The top U.S. trade official expressed doubt Tuesday that negotiators could reach a deal this year in long-running world trade talks despite a goal set by President Barack Obama and other leaders.
But in remarks at the National Press Club, U.S. Trade Representative Ron Kirk also said he did not believe countries should give up efforts to finish the eight-year-old round.
“We think it’s worth staying at the table. … I don’t believe we should give up. A lot of good work has been done,” Kirk said in response to a question.
Last year leaders of the Group of 20 rich and emerging countries set a goal of finishing the Doha round in 2010.
Asked if he thought that target was still achievable, Kirk said: “Well, considering that we have tried and failed three successive years, if past is prologue I don’t know if I would put too much stock in it.”
He added the outlook could change if “advanced developing economies such as Brazil, China, India and South Africa come to the table” with better offers.
The Doha round was launched in the capital city of Qatar in late 2001 with the goal of helping countries to prosper through trade. However, negotiators have missed every deadline set by themselves or political leaders for finishing the round.
WTO Director General Pascal Lamy estimates nearly 80 percent of the issues in the negotiations have been resolved.
But the slow progress in bridging the remaining differences has fueled suggestions the talks be paused for a while or scrapped altogether to focus on other trade areas.
Much of the impasse comes from Washington’s demand that major developing countries make better offers to open their farm, manufacturing and services markets in exchange for U.S. cuts in farm subsidies and politically sensitive tariffs.

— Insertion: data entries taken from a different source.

lemma distr_vec_lambda_PiM_lborel:
  fixes Rep :: "'b::finite \<Rightarrow> 'a"
  assumes bij: "bij_betw Rep UNIV A"
  shows "distr (PiM A (\<lambda>_. lborel)) borel (\<lambda>c. \<chi> j. c (Rep j) :: real^'b) = lborel"
proof (rule lborel_eqI[symmetric])
  interpret product_sigma_finite "\<lambda>_. lborel" by standard
  let ?f = "\<lambda>c. \<chi> j. c (Rep j) :: real^'b"
  let ?Abs = "inv_into UNIV Rep"
  have A: "finite A" "range Rep \<subseteq> A"
    using bij_betw_finite[OF bij] bij by (auto simp: bij_betw_def)
  have Rep_Abs: "Rep (?Abs p) = p" if "p \<in> A" for p
    using bij that by (simp add: bij_betw_def f_inv_into_f)
  fix l u :: "real^'b"
  assume le: "\<And>b. b \<in> Basis \<Longrightarrow> l \<bullet> b \<le> u \<bullet> b"
  then have le': "l $ j \<le> u $ j" for j
    using le[of "axis j 1"] by (auto simp: cart_eq_inner_axis Basis_vec_def)
  have "?f -` box l u \<inter> space (PiM A (\<lambda>_. lborel)) = PiE A (\<lambda>p. {l $ ?Abs p <..< u $ ?Abs p})"
  proof -
    have "(\<forall>j. l $ j < c (Rep j) \<and> c (Rep j) < u $ j) \<longleftrightarrow>
        (\<forall>p\<in>A. l $ ?Abs p < c p \<and> c p < u $ ?Abs p)" for c
      using bij Rep_Abs by (metis bij_betw_inv_into_left bij_betw_apply UNIV_I)
    then show ?thesis
      by (auto simp: space_PiM mem_box_cart PiE_def Pi_def)
  qed
  then have "emeasure (distr (PiM A (\<lambda>_. lborel)) borel ?f) (box l u)
      = (\<Prod>p\<in>A. ennreal (u $ ?Abs p - l $ ?Abs p))"
    using A le' by (subst emeasure_distr) (auto simp: emeasure_PiM measurable_vec_lambda_PiM)
  also have "\<dots> = ennreal (\<Prod>j\<in>UNIV. u $ j - l $ j)"
    using prod.reindex_bij_betw[OF bij, of "\<lambda>p. u $ ?Abs p - l $ ?Abs p"] bij le'
    by (simp add: prod_ennreal bij_betw_inv_into_left)
  also have "(\<Prod>j\<in>UNIV. u $ j - l $ j) = (\<Prod>b\<in>Basis. (u - l) \<bullet> b)"
  proof -
    have B: "(Basis :: (real^'b) set) = (\<lambda>j. axis j 1) ` UNIV"
      by (auto simp: Basis_vec_def)
    have "inj (\<lambda>j. axis j (1::real) :: real^'b)"
      by (auto simp: inj_def axis_eq_axis)
    then show ?thesis
      unfolding B by (subst prod.reindex) (auto simp: inner_axis' cart_eq_inner_axis[symmetric])
  qed
  finally show "emeasure (distr (PiM A (\<lambda>_. lborel)) borel ?f) (box l u) =
      (\<Prod>b\<in>Basis. (u - l) \<bullet> b)" .
qed simp

section \<open>Symmetric matrices as Euclidean coordinates\<close>

text \<open>The coordinates of \<^const>\<open>sym_space\<close> form a type, so that \<^const>\<open>sym_space\<close> becomes
  Lebesgue measure on a Euclidean space, where negligibility can be argued with derivatives.\<close>

typedef (overloaded) ('k, 'n) sym_slot = "sym_index :: ('k \<times> 'n::{finite,linorder} \<times> 'n) set"
  by (rule exI[of _ "(undefined, undefined, undefined)"]) (simp add: sym_index_def)

instance sym_slot :: (finite, "{finite,linorder}") finite
proof
  show "finite (UNIV :: ('a, 'b) sym_slot set)"
    by (metis type_definition.Abs_image[OF type_definition_sym_slot] finite_imageI finite)
qed

lemma bij_Rep_sym_slot: "bij_betw Rep_sym_slot UNIV sym_index"
  unfolding bij_betw_def
  using type_definition.Rep_range[OF type_definition_sym_slot]
  by (auto simp: inj_def Rep_sym_slot_inject)

definition vec_of_coords ::
    "('k::finite \<times> 'n::{finite,linorder} \<times> 'n \<Rightarrow> real) \<Rightarrow> real^('k, 'n) sym_slot" where
  "vec_of_coords c = (\<chi> j. c (Rep_sym_slot j))"

lemma measurable_vec_of_coords_sym_space: "vec_of_coords \<in> borel_measurable sym_space"
  unfolding vec_of_coords_def sym_space_def
  using bij_Rep_sym_slot by (intro measurable_vec_lambda_PiM) (auto simp: bij_betw_def)

lemma distr_vec_of_coords_sym_space: "distr sym_space borel vec_of_coords = lborel"
  unfolding vec_of_coords_def sym_space_def
  by (rule distr_vec_lambda_PiM_lborel[OF bij_Rep_sym_slot])

definition slot :: "'n::{finite,linorder} \<Rightarrow> 'n \<Rightarrow> 'k::finite \<Rightarrow> ('k, 'n) sym_slot" where
  "slot a b i = Abs_sym_slot (i, a, b)"

lemma Rep_slot: "a \<le> b \<Longrightarrow> Rep_sym_slot (slot a b i) = (i, a, b)"
  unfolding slot_def by (rule Abs_sym_slot_inverse) (simp add: sym_index_def)

lemma slot_Rep_sym_slot: "Rep_sym_slot j = (i, p, q) \<Longrightarrow> j = slot p q i"
  unfolding slot_def by (metis Rep_sym_slot_inverse)

definition sym_mat ::
    "(real, ('k::finite, 'n::{finite,linorder}) sym_slot) vec \<Rightarrow> 'k \<Rightarrow> ((real, 'n) vec, 'n) vec" where
  "sym_mat u i = (\<chi> p q. u $ slot (min p q) (max p q) i)"

lemma mat_of_coords_eq_sym_mat: "mat_of_coords c = sym_mat (vec_of_coords c)"
  by (simp add: fun_eq_iff vec_eq_iff mat_of_coords_def sym_mat_def vec_of_coords_def Rep_slot
      min_le_iff_disj)

definition degenerate_configs ::
    "('k::finite \<Rightarrow> real^'n::{finite,linorder}) \<Rightarrow> (real^('k, 'n) sym_slot) set" where
  "degenerate_configs mu =
     {u. \<exists>x w t. x \<noteq> 0 \<and> w \<noteq> 0 \<and> (\<forall>i. w \<bullet> (sym_mat u i *v x) + w \<bullet> mu i + t = 0)}"

lemma inner_ext1: "z \<bullet> ext1 v = z $ None + (\<chi> a. z $ Some a) \<bullet> v"
proof -
  have "z \<bullet> ext1 v = (\<Sum>j\<in>insert None (range Some). z $ j * ext1 v $ j)"
    by (simp add: inner_vec_def UNIV_option_conv)
  also have "\<dots> = z $ None + (\<Sum>a\<in>UNIV. z $ Some a * v $ a)"
    by (subst sum.insert) (auto simp: ext1_def sum.reindex)
  finally show ?thesis by (simp add: inner_vec_def)
qed

lemma common_hyperplane_if_ext1_not_spanning:
  fixes v :: "'k \<Rightarrow> real^'n"
  assumes "dim (span (range (\<lambda>i. ext1 (v i)))) \<noteq> CARD('n) + 1"
  shows "\<exists>w t. w \<noteq> 0 \<and> (\<forall>i. w \<bullet> v i + t = 0)"
proof -
  let ?V = "range (\<lambda>i. ext1 (v i))"
  have "dim ?V < DIM(real^'n option)"
    using assms dim_subset_UNIV_cart[of ?V] by simp
  then obtain z where "z \<noteq> 0" and z: "\<And>y. y \<in> span ?V \<Longrightarrow> orthogonal z y"
    using orthogonal_to_subspace_exists by blast
  define w where "w = (\<chi> a. z $ Some a)"
  have eq: "w \<bullet> v i + z $ None = 0" for i
    using z[of "ext1 (v i)"] by (simp add: span_base orthogonal_def inner_ext1 w_def add.commute)
  have "w \<noteq> 0"
  proof
    assume "w = 0"
    then have "z $ None = 0"
      using eq[of undefined] by simp
    moreover have "z $ Some a = 0" for a
      using \<open>w = 0\<close> by (simp add: w_def vec_eq_iff)
    ultimately have "z $ j = 0" for j
      by (cases j) auto
    with \<open>z \<noteq> 0\<close> show False by (simp add: vec_eq_iff)
  qed
  with eq show ?thesis by blast
qed

lemma not_general_position_imp_degenerate:
  fixes u :: "real^('k::finite, 'n::{finite,linorder}) sym_slot"
  assumes "\<not> general_position (sym_mat u) mu"
  shows "u \<in> degenerate_configs mu"
proof -
  obtain x where "x \<noteq> 0"
    and "dim (span (range (\<lambda>i. ext1 (sym_mat u i *v x + mu i)))) \<noteq> CARD('n) + 1"
    using assms unfolding general_position_def by blast
  then show ?thesis
    using common_hyperplane_if_ext1_not_spanning
    unfolding degenerate_configs_def by (fastforce simp: inner_add_right)
qed

section \<open>Solving for one entry of every matrix\<close>

definition entries ::
    "'n::{finite,linorder} \<Rightarrow> 'n \<Rightarrow> real^('k::finite, 'n) sym_slot \<Rightarrow> 'k \<Rightarrow> real" where
  "entries a b u i = u $ slot a b i"

definition set_entries ::
    "'n::{finite,linorder} \<Rightarrow> 'n \<Rightarrow> real^('k::finite, 'n) sym_slot \<Rightarrow> ('k \<Rightarrow> real)
      \<Rightarrow> real^('k, 'n) sym_slot" where
  "set_entries a b u f =
     (\<chi> j. case Rep_sym_slot j of (i, p, q) \<Rightarrow> if (p, q) = (a, b) then f i else u $ j)"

Kirk said the U.S. Senate’s failure to confirm several of President Barack Obama’s trade nominees was a handicap for the United States in trade talks.
Those include Michael Punke, Obama’s choice to be ambassador to the WTO in Geneva, and Isi Siddiqui, tapped for the job of chief agricultural negotiator.
“Because of the unique wonders of our Senate parliamentary rules, we don’t have an ambassador in Geneva,” Kirk said, referring to a hold a Kentucky senator has on the nominations. “At some point this begins to strain our credibility … because the world believes (we) don’t care” about finishing the Doha round,” Kirk said.